* Description of the task
Provide an exact repetition of every entry, with no word altered.

(Dataset)

lemma AE_eq_if_fourier_transform_eq:
  fixes P Q :: "real \<Rightarrow> real"
  assumes P: "integrable lborel P" "\<And>x. P x \<ge> 0" and Q: "integrable lborel Q" "\<And>x. Q x \<ge> 0"
    and eq: "\<And>k. (CLINT x|lborel. P x *\<^sub>R iexp (k * x)) = (CLINT x|lborel. Q x *\<^sub>R iexp (k * x))"
  shows "AE x in lborel. P x = Q x"
proof -
  define c where "c = (\<integral>x. P x \<partial>lborel)"
  have "complex_of_real c = complex_of_real (\<integral>x. Q x \<partial>lborel)"
    using eq[of 0] by (simp add: c_def scaleR_conv_of_real)
  then have c_Q: "(\<integral>x. Q x \<partial>lborel) = c" by simp
  have "c \<ge> 0" unfolding c_def using P by simp
  then consider "c = 0" | "c > 0" by linarith
  then show ?thesis
  proof cases
    case 1
    then have "AE x in lborel. P x = 0" "AE x in lborel. Q x = 0"
      using integral_nonneg_eq_0_iff_AE[OF P(1)] integral_nonneg_eq_0_iff_AE[OF Q(1)] P Q c_Q
      by (auto simp: c_def)
    then show ?thesis by eventually_elim simp
  next
    case 2
    have P_meas: "P \<in> borel_measurable lborel" and Q_meas: "Q \<in> borel_measurable lborel"
      using P Q by auto
    have "density lborel (\<lambda>x. P x / c) = density lborel (\<lambda>x. Q x / c)"
    proof (rule Levy_uniqueness)
      show "real_distribution (density lborel (\<lambda>x. P x / c))"
        using P 2 by (intro real_distribution_normalized_density) (auto simp: c_def)
      show "real_distribution (density lborel (\<lambda>x. Q x / c))"
        using Q 2 c_Q by (intro real_distribution_normalized_density) auto
      show "char (density lborel (\<lambda>x. P x / c)) = char (density lborel (\<lambda>x. Q x / c))"
        using P Q P_meas Q_meas 2 by (intro ext) (simp only: char_normalized_density eq)
    qed
    then have "AE x in lborel. ennreal (P x / c) = ennreal (Q x / c)"
      using P_meas Q_meas by (intro sigma_finite_measure.density_unique[OF sigma_finite_lborel]) auto
    then show ?thesis
      by eventually_elim (use P Q 2 in \<open>simp add: ennreal_inj\<close>)
  qed
qed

(End Dataset)

* Result below
lemma AE_eq_if_fourier_transform_eq:
  fixes P Q :: "real \<Rightarrow> real"
  assumes P: "integrable lborel P" "\<And>x. P x \<ge> 0" and Q: "integrable lborel Q" "\<And>x. Q x \<ge> 0"
    and eq: "\<And>k. (CLINT x|lborel. P x *\<^sub>R iexp (k * x)) = (CLINT x|lborel. Q x *\<^sub>R iexp (k * x))"
  shows "AE x in lborel. P x = Q x"
proof -
  define c where "c = (\<integral>x. P x \<partial>lborel)"
  have "complex_of_real c = complex_of_real (\<integral>x. Q x \<partial>lborel)"
    using eq[of 0] by (simp add: c_def scaleR_conv_of_real)
  then have c_Q: "(\<integral>x. Q x \<partial>lborel) = c" by simp
  have "c \<ge> 0" unfolding c_def using P by simp
  then consider "c = 0" | "c > 0" by linarith
  then show ?thesis
  proof cases
    case 1
    then have "AE x in lborel. P x = 0" "AE x in lborel. Q x = 0"
      using integral_nonneg_eq_0_iff_AE[OF P(1)] integral_nonneg_eq_0_iff_AE[OF Q(1)] P Q c_Q
      by (auto simp: c_def)
    then show ?thesis by eventually_elim simp
  next
    case 2
    have P_meas: "P \<in> borel_measurable lborel" and Q_meas: "Q \<in> borel_measurable lborel"
      using P Q by auto
    have "density lborel (\<lambda>x. P x / c) = density lborel (\<lambda>x. Q x / c)"
    proof (rule Levy_uniqueness)
      show "real_distribution (density lborel (\<lambda>x. P x / c))"
        using P 2 by (intro real_distribution_normalized_density) (auto simp: c_def)
      show "real_distribution (density lborel (\<lambda>x. Q x / c))"
        using Q 2 c_Q by (intro real_distribution_normalized_density) auto
      show "char (density lborel (\<lambda>x. P x / c)) = char (density lborel (\<lambda>x. Q x / c))"
        using P Q P_meas Q_meas 2 by (intro ext) (simp only: char_normalized_density eq)
    qed
    then have "AE x in lborel. ennreal (P x / c) = ennreal (Q x / c)"
      using P_meas Q_meas by (intro sigma_finite_measure.density_unique[OF sigma_finite_lborel]) auto
    then show ?thesis
      by eventually_elim (use P Q 2 in \<open>simp add: ennreal_inj\<close>)
  qed
qed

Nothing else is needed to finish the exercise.